I felt sad. I had a glimpse of the old life, a life that has been cast away like old soiled clothes.I could never come to terms with little boys and girls growing away, distanced from their soil. I had spent hours in the garden behind my house soiling myself all over, as I made mud puddles and tied strings on the hind legs of frogs and pulled them back every time they tried to escape into the wilderness. My elder cousin was the grand host. She smuggled out flour from the kitchen and made everything with it. It ranged from rice, dal to chicken and even tea. And I actually enjoyed the lunches and high teas and belched showing my culinary glands were whetted beyond doubt.We lived in a joint family and I have grown up shooting down green mangoes with my sling and later devouring them with salt along with three others in my gang and of course my cousin. With the sling on my shoulder I was the king of all I surveyed.

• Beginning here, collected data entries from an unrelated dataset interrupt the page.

lemma expectation_alter_term:
  assumes adj: "simple_adj N A" and i: "i \<in> Ralt" and Ralt: "Ralt \<subseteq> vertices N - R"
    and rec: "\<forall>j\<in>Ralt. e j \<in> R \<and> A j (e j) = 1" and R: "R \<subseteq> vertices N"
    and p: "0 < p" "p < 1"
  shows "measure_pmf.expectation (Zdist N R p)
      (\<lambda>z. of_bool (exposure N (obs_adj Ralt e) z i = 1) * obs_outcome N A Y z i / p
         - of_bool (exposure N (obs_adj Ralt e) z i = 0) * obs_outcome N A Y z i / (1 - p))
    = (Y i 0 1 - Y i 0 0) + (p - measure_pmf.prob (Zdist N R p) {z. exposure N A z i = 1}) / (1 - p)
        * (Y i 0 1 - Y i 0 0)"
proof -
  let ?M = "Zdist N R p" and ?F = "\<lambda>z. exposure N A z i"
  let ?\<pi> = "measure_pmf.prob ?M {z. ?F z = 1}"
  have iV: "i \<in> vertices N" "i \<notin> R"
    using i Ralt by auto
  have eR: "e i \<in> R" "A i (e i) = 1"
    using rec i by auto
  have eV: "e i \<in> vertices N - {i}"
    using eR R iV by auto
  have not_ego: "i \<notin> e ` Ralt"
    using rec iV(2) by auto
  have observed: "exposure N (obs_adj Ralt e) z i = of_bool (z (e i))" for z
    using exposure_obs_adj_alter[OF i not_ego eV] .
  have exposed: "?F z = 1" if "z (e i)" for z
    using adj iV(1) eV eR(2) that by (rule exposure_if_treated_neighbour)
  define g where "g = (\<lambda>(b, f). of_bool b * Y i 0 f / p - of_bool (\<not> b) * Y i 0 f / (1 - p))"
  have "measure_pmf.expectation ?M
      (\<lambda>z. of_bool (exposure N (obs_adj Ralt e) z i = 1) * obs_outcome N A Y z i / p
         - of_bool (exposure N (obs_adj Ralt e) z i = 0) * obs_outcome N A Y z i / (1 - p))
    = measure_pmf.expectation ?M (\<lambda>z. g (z (e i), ?F z))"
    by (intro integral_cong_AE AE_pmfI)
       (auto simp: observed obs_outcome_eq g_def dest: Zdist_untreated[OF iV(2)])
  also have "\<dots> = (\<Sum>v\<in>UNIV \<times> {0, 1}. g v * measure_pmf.prob ?M {z. (z (e i), ?F z) = v})"
    by (rule expectation_finite_range) (auto simp: exposure_def)
  also have "\<dots> = g (True, 1) * p + g (False, 0) * (1 - ?\<pi>) + g (False, 1) * (?\<pi> - p)"
  proof -
    have treated: "measure_pmf.prob ?M {z. z (e i)} = p"
      using prob_Zdist_treated[of "e i" N R p] eV eR(1) p by simp
    have "{z. z (e i)} \<subseteq> {z. ?F z = 1}"
      using exposed by blast
    then have diff: "measure_pmf.prob ?M ({z. ?F z = 1} - {z. z (e i)}) = ?\<pi> - p"
      using treated by (simp add: measure_pmf.finite_measure_Diff)
    have joint: "{z. z (e i) \<and> ?F z = 0} = {}" "{z. z (e i) \<and> ?F z = 1} = {z. z (e i)}"
      "{z. \<not> z (e i) \<and> ?F z = 0} = {z. ?F z = 0}"
      "{z. \<not> z (e i) \<and> ?F z = 1} = {z. ?F z = 1} - {z. z (e i)}"
      by (auto dest: exposed)
    have "measure_pmf.prob ?M {z. z (e i) \<and> ?F z = 0} = 0"
      "measure_pmf.prob ?M {z. z (e i) \<and> ?F z = 1} = p"
      "measure_pmf.prob ?M {z. \<not> z (e i) \<and> ?F z = 0} = 1 - ?\<pi>"
      "measure_pmf.prob ?M {z. \<not> z (e i) \<and> ?F z = 1} = ?\<pi> - p"
      unfolding joint using treated diff prob_exposure_0[of ?M N A i] by simp_all
    then show ?thesis
      by (simp add: sum.cartesian_product' UNIV_bool)
  qed
  also have "\<dots> = (Y i 0 1 - Y i 0 0) + (p - ?\<pi>) / (1 - p) * (Y i 0 1 - Y i 0 0)"
  proof -
    have "1 - p \<noteq> 0"
      using p by simp
    then show ?thesis
      using p by (simp add: g_def divide_simps) (simp add: algebra_simps)
  qed
  finally show ?thesis .
qed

How those days were gone….do children muddle themselves on mother earth’s lap or lead a ‘dettol soap’ life….I wondered. The air had turned brooding olive, colouring my memory. A loud honk of a bus brought me back to meet myself today.My careless eyes wandered upon the little girl that went past me a few moments ago. She looked happy into the ground admiring a smile, matching hers, on the dust patch in one corner of the terminus. A small twig in her hand had acted as her brush. She had soil on her skirt and two distinct round mud-spot on her knees as her mother pulled her up and dusted her.I sat in the terminus peopled and throbbing, my face shining. It felt like I had finally let go of a lifetime of pain, anger and hurt. I knew I lived my life.My being felt healed, whole.
I had suddenly become aware of colours and sounds around. It was as if I was looking at the world through a new set of eyes. I wanted to dance, sing and celebrate, which was most unlikely at that moment.I realised that truth is like the cliff I was leaving forever today. Its golden yellow in the morning, ruddy in the afternoon, a purple haze in the evening and deep blue when night shrouds it over. It’s true every time you see it, and its different too. Truth is that we will forever be in love with our soil…the earthy smell of summer, the smoky vapours on parched land during the first showers of monsoon, the soft muddy touch of the wet months and the dry dead feel of winter.
Same soil and so different and so true, like the cliff high above.